lemma phiR_add_right: "phiR K \<alpha> p q (r + r') = phiR K \<alpha> p q r + phiR K \<alpha> p q r'"
  using cartan_eval_linear[of K \<alpha> "\<lambda>x y z. etaR K \<alpha> x p * etaR K \<alpha> y q * etaR K \<alpha> z r" 1 1
      "\<lambda>x y z. etaR K \<alpha> x p * etaR K \<alpha> y q * etaR K \<alpha> z r'" cst]
  by (simp add: phiR_def etaR_add distrib_left)

lemma phiR_mult_right: "phiR K \<alpha> p q (r * r') = phiR K \<alpha> p q r * r' + r * phiR K \<alpha> p q r'"
  using cartan_eval_linear[of K \<alpha> "\<lambda>x y z. etaR K \<alpha> x p * etaR K \<alpha> y q * etaR K \<alpha> z r" r' r
      "\<lambda>x y z. etaR K \<alpha> x p * etaR K \<alpha> y q * etaR K \<alpha> z r'" cst]
  by (simp add: phiR_def etaR_mult algebra_simps)

lemma phiR_cst_right [simp]: "phiR K \<alpha> p q (cst c) = 0"
  by (simp add: phiR_def cartan_eval_def wedge3_def)

lemma phiR_Xv_outside:
  assumes "\<not> (i < N \<and> j < N)"
  shows "phiR K \<alpha> (Xv a i j :: ('a, 'k) rpoly) q r = 0"
proof -
  have "etaR K \<alpha> x (Xv a i j :: ('a, 'k) rpoly) = 0" for x
    using assms by (auto simp: etaR_Xv)
  then show ?thesis
    by (simp add: phiR_def cartan_eval_def wedge3_def)
qed

definition jacobiator :: "('a, 'k) rpoly \<Rightarrow> ('a, 'k) rpoly \<Rightarrow> ('a, 'k) rpoly \<Rightarrow> ('a, 'k) rpoly" where
  "jacobiator p q r = bracket p (bracket q r) + bracket q (bracket r p) + bracket r (bracket p q)"
definition acyclic_graph :: "nat set set \<Rightarrow> bool" where
  "acyclic_graph E \<longleftrightarrow> \<not> (\<exists>cs. is_cycle E cs)"

definition is_tree :: "nat set \<Rightarrow> nat set set \<Rightarrow> bool" where
  "is_tree V E \<longleftrightarrow> simple_graph V E \<and> V \<noteq> {} \<and> connected_graph V E \<and> acyclic_graph E"

text \<open>Signature s: True = positive edge, False = negative edge.\<close>
definition sdeg :: "nat set set \<Rightarrow> (nat set \<Rightarrow> bool) \<Rightarrow> nat \<Rightarrow> int" where
  "sdeg E s v = int (card {e\<in>E. v \<in> e \<and> s e}) - int (card {e\<in>E. v \<in> e \<and> \<not> s e})"

definition realizes :: "nat set \<Rightarrow> nat set set \<Rightarrow> (nat set \<Rightarrow> bool) \<Rightarrow> int set \<Rightarrow> bool" where
  "realizes V E s D \<longleftrightarrow> D = sdeg E s ` V"

end

theory Submission
  imports Defs
begin

text \<open>A tree with at least two vertices has a leaf, namely an end of a longest path, and the
  signed degree of a leaf is \<open>\<pm>1\<close>. Conversely, if \<open>1 \<in> D\<close>, the tree is grown by attaching
  pendant vertices: a positive pendant edge raises the signed degree of a vertex by one, and a
  negative pendant edge lowers it by one while the new vertex is brought back to signed degree 1
  by two positive pendant edges of its own. So the signed degree of any vertex can be shifted
  arbitrarily while all new vertices get signed degree 1; in particular a vertex of any prescribed
  signed degree can be attached without changing the old ones, and the values of \<open>D\<close> are added
  one at a time. Negating all signs handles \<open>-1 \<in> D\<close>.\<close>

lemma adj_commute: "adj E u v \<longleftrightarrow> adj E v u"
  unfolding adj_def by (simp add: insert_commute)

lemma simple_graph_edge_subset:
  assumes "simple_graph V E" "e \<in> E"
  shows "e \<subseteq> V"
proof -
  obtain u v where "e = {u, v}" "u \<in> V" "v \<in> V"
    using assms unfolding simple_graph_def by blast
  then show ?thesis
    by simp
qed

lemma simple_graph_adjD:
  assumes "simple_graph V E" "adj E u v"
  shows "u \<noteq> v" "u \<in> V" "v \<in> V"
proof -
  obtain a b where "{u, v} = {a, b}" "a \<noteq> b" "a \<in> V" "b \<in> V"
    using assms unfolding simple_graph_def adj_def by blast
  then show "u \<noteq> v" "u \<in> V" "v \<in> V"
    by (auto simp: doubleton_eq_iff)
qed

lemma simple_graph_finite_edges:
  assumes "simple_graph V E"
  shows "finite E"
proof (rule finite_subset)
  show "E \<subseteq> Pow V"
    using simple_graph_edge_subset[OF assms] by blast
  show "finite (Pow V)"
    using assms unfolding simple_graph_def by simp
qed

lemma sdeg_outside:
  assumes "simple_graph V E" "x \<notin> V"
  shows "sdeg E s x = 0"
proof -
  have empty: "{e \<in> E. x \<in> e \<and> s e} = {}" "{e \<in> E. x \<in> e \<and> \<not> s e} = {}"
    using simple_graph_edge_subset[OF assms(1)] assms(2) by blast+
  show ?thesis
    unfolding sdeg_def empty by simp
qed

lemma sdeg_insert_edge:
  assumes "finite E" "e \<notin> E"
  shows "sdeg (insert e E) (s(e := b)) x = sdeg E s x + (if x \<in> e then (if b then 1 else -1) else 0)"
proof -
  have upd: "{e' \<in> insert e E. x \<in> e' \<and> P ((s(e := b)) e')} =
      (if x \<in> e \<and> P b then insert e {e' \<in> E. x \<in> e' \<and> P (s e')} else {e' \<in> E. x \<in> e' \<and> P (s e')})"
    for P :: "bool \<Rightarrow> bool"
    using assms(2) by auto
  show ?thesis
    unfolding sdeg_def upd[of "\<lambda>t. t"] upd[of Not] using assms by auto
qed

lemma sdeg_uminus: "sdeg E (\<lambda>e. \<not> s e) x = - sdeg E s x"
  unfolding sdeg_def by simp

lemma sdeg_leaf:
  assumes "{e' \<in> E. x \<in> e'} = {e}"
  shows "sdeg E s x = (if s e then 1 else -1)"
proof -
  have "{e' \<in> E. x \<in> e' \<and> P (s e')} = (if P (s e) then {e} else {})" for P
  proof -
    have "{e' \<in> E. x \<in> e' \<and> P (s e')} = {e' \<in> {e}. P (s e')}"
      using assms by blast
    also have "\<dots> = (if P (s e) then {e} else {})"
      by auto
    finally show ?thesis .
  qed
  from this[of "\<lambda>t. t"] this[of Not] show ?thesis
    unfolding sdeg_def by simp
qed

lemma is_cycle_rotate1:
  assumes "is_cycle E cs"
  shows "is_cycle E (rotate1 cs)"
proof -
  have "3 \<le> length cs"
    using assms unfolding is_cycle_def by simp
  then obtain a xs where cs: "cs = a # xs"
    by (cases cs) auto
  with \<open>3 \<le> length cs\<close> have "xs \<noteq> []"
    by auto
  have step: "adj E (cs ! i) (cs ! Suc i)" if "Suc i < length cs" for i
    using assms that unfolding is_cycle_def by blast
  have close: "adj E (last xs) a"
    using assms \<open>xs \<noteq> []\<close> unfolding is_cycle_def cs by simp
  have "adj E ((xs @ [a]) ! i) ((xs @ [a]) ! Suc i)" if "Suc i < length (xs @ [a])" for i
  proof (cases "Suc i < length xs")
    case True
    then show ?thesis
      using step[of "Suc i"] unfolding cs by (simp add: nth_append)
  next
    case False
    then have "i = length xs - 1" "Suc i = length xs"
      using that by simp_all
    then show ?thesis
      using close \<open>xs \<noteq> []\<close> by (simp add: nth_append last_conv_nth)
  qed
  moreover have "adj E a (hd xs)"
    using step[of 0] \<open>xs \<noteq> []\<close> unfolding cs by (simp add: hd_conv_nth)
  ultimately show ?thesis
    using assms \<open>xs \<noteq> []\<close> unfolding is_cycle_def cs by simp
qed

lemma is_cycle_rotate: "is_cycle E cs \<Longrightarrow> is_cycle E (rotate n cs)"
  by (induction n) (simp_all add: is_cycle_rotate1)

lemma is_cycle_two_neighbours:
  assumes "is_cycle E cs" "x \<in> set cs"
  obtains a b where "a \<noteq> b" "adj E x a" "adj E b x"
proof -
  obtain i where i: "i < length cs" "cs ! i = x"
    using assms(2) by (auto simp: in_set_conv_nth)
  define ds where "ds = rotate i cs"
  have ds: "is_cycle E ds"
    unfolding ds_def using assms(1) by (rule is_cycle_rotate)
  then have len: "3 \<le> length ds" and "distinct ds"
    unfolding is_cycle_def by simp_all
  have "ds ! 0 = x"
    using i unfolding ds_def by (subst nth_rotate) auto
  have "ds ! 1 \<noteq> ds ! (length ds - 1)"
    using \<open>distinct ds\<close> len by (simp add: nth_eq_iff_index_eq)
  moreover have "adj E x (ds ! 1)"
    using ds len \<open>ds ! 0 = x\<close> unfolding is_cycle_def by (metis One_nat_def Suc_le_lessD numeral_3_eq_3 Suc_leD)
  moreover have "adj E (ds ! (length ds - 1)) x"
    using ds len \<open>ds ! 0 = x\<close> unfolding is_cycle_def
    by (metis hd_conv_nth last_conv_nth list.size(3) not_numeral_le_zero)
  ultimately show ?thesis
    using that by blast
qed

lemma is_cycle_subgraph:
  assumes "is_cycle E' cs" "\<And>a b. a \<in> set cs \<Longrightarrow> b \<in> set cs \<Longrightarrow> adj E' a b \<Longrightarrow> adj E a b"
  shows "is_cycle E cs"
proof -
  have "cs \<noteq> []"
    using assms(1) unfolding is_cycle_def by auto
  then show ?thesis
    using assms unfolding is_cycle_def by (simp add: Suc_lessD)
qed

lemma simple_graph_insert_leaf:
  assumes "simple_graph V E" "v \<in> V" "w \<notin> V"
  shows "simple_graph (insert w V) (insert {v, w} E)"
  using assms unfolding simple_graph_def by blast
-- -- --
**Activity**
Set down the lines of the listing word for word, from its first line through the line containing "text \<open>Signature s: True". Both of those lines belong in the answer, and no others do.

**Task result**
lemma phiR_add_right: "phiR K \<alpha> p q (r + r') = phiR K \<alpha> p q r + phiR K \<alpha> p q r'"
  using cartan_eval_linear[of K \<alpha> "\<lambda>x y z. etaR K \<alpha> x p * etaR K \<alpha> y q * etaR K \<alpha> z r" 1 1
      "\<lambda>x y z. etaR K \<alpha> x p * etaR K \<alpha> y q * etaR K \<alpha> z r'" cst]
  by (simp add: phiR_def etaR_add distrib_left)

lemma phiR_mult_right: "phiR K \<alpha> p q (r * r') = phiR K \<alpha> p q r * r' + r * phiR K \<alpha> p q r'"
  using cartan_eval_linear[of K \<alpha> "\<lambda>x y z. etaR K \<alpha> x p * etaR K \<alpha> y q * etaR K \<alpha> z r" r' r
      "\<lambda>x y z. etaR K \<alpha> x p * etaR K \<alpha> y q * etaR K \<alpha> z r'" cst]
  by (simp add: phiR_def etaR_mult algebra_simps)

lemma phiR_cst_right [simp]: "phiR K \<alpha> p q (cst c) = 0"
  by (simp add: phiR_def cartan_eval_def wedge3_def)

lemma phiR_Xv_outside:
  assumes "\<not> (i < N \<and> j < N)"
  shows "phiR K \<alpha> (Xv a i j :: ('a, 'k) rpoly) q r = 0"
proof -
  have "etaR K \<alpha> x (Xv a i j :: ('a, 'k) rpoly) = 0" for x
    using assms by (auto simp: etaR_Xv)
  then show ?thesis
    by (simp add: phiR_def cartan_eval_def wedge3_def)
qed

definition jacobiator :: "('a, 'k) rpoly \<Rightarrow> ('a, 'k) rpoly \<Rightarrow> ('a, 'k) rpoly \<Rightarrow> ('a, 'k) rpoly" where
  "jacobiator p q r = bracket p (bracket q r) + bracket q (bracket r p) + bracket r (bracket p q)"
definition acyclic_graph :: "nat set set \<Rightarrow> bool" where
  "acyclic_graph E \<longleftrightarrow> \<not> (\<exists>cs. is_cycle E cs)"

definition is_tree :: "nat set \<Rightarrow> nat set set \<Rightarrow> bool" where
  "is_tree V E \<longleftrightarrow> simple_graph V E \<and> V \<noteq> {} \<and> connected_graph V E \<and> acyclic_graph E"

text \<open>Signature s: True = positive edge, False = negative edge.\<close>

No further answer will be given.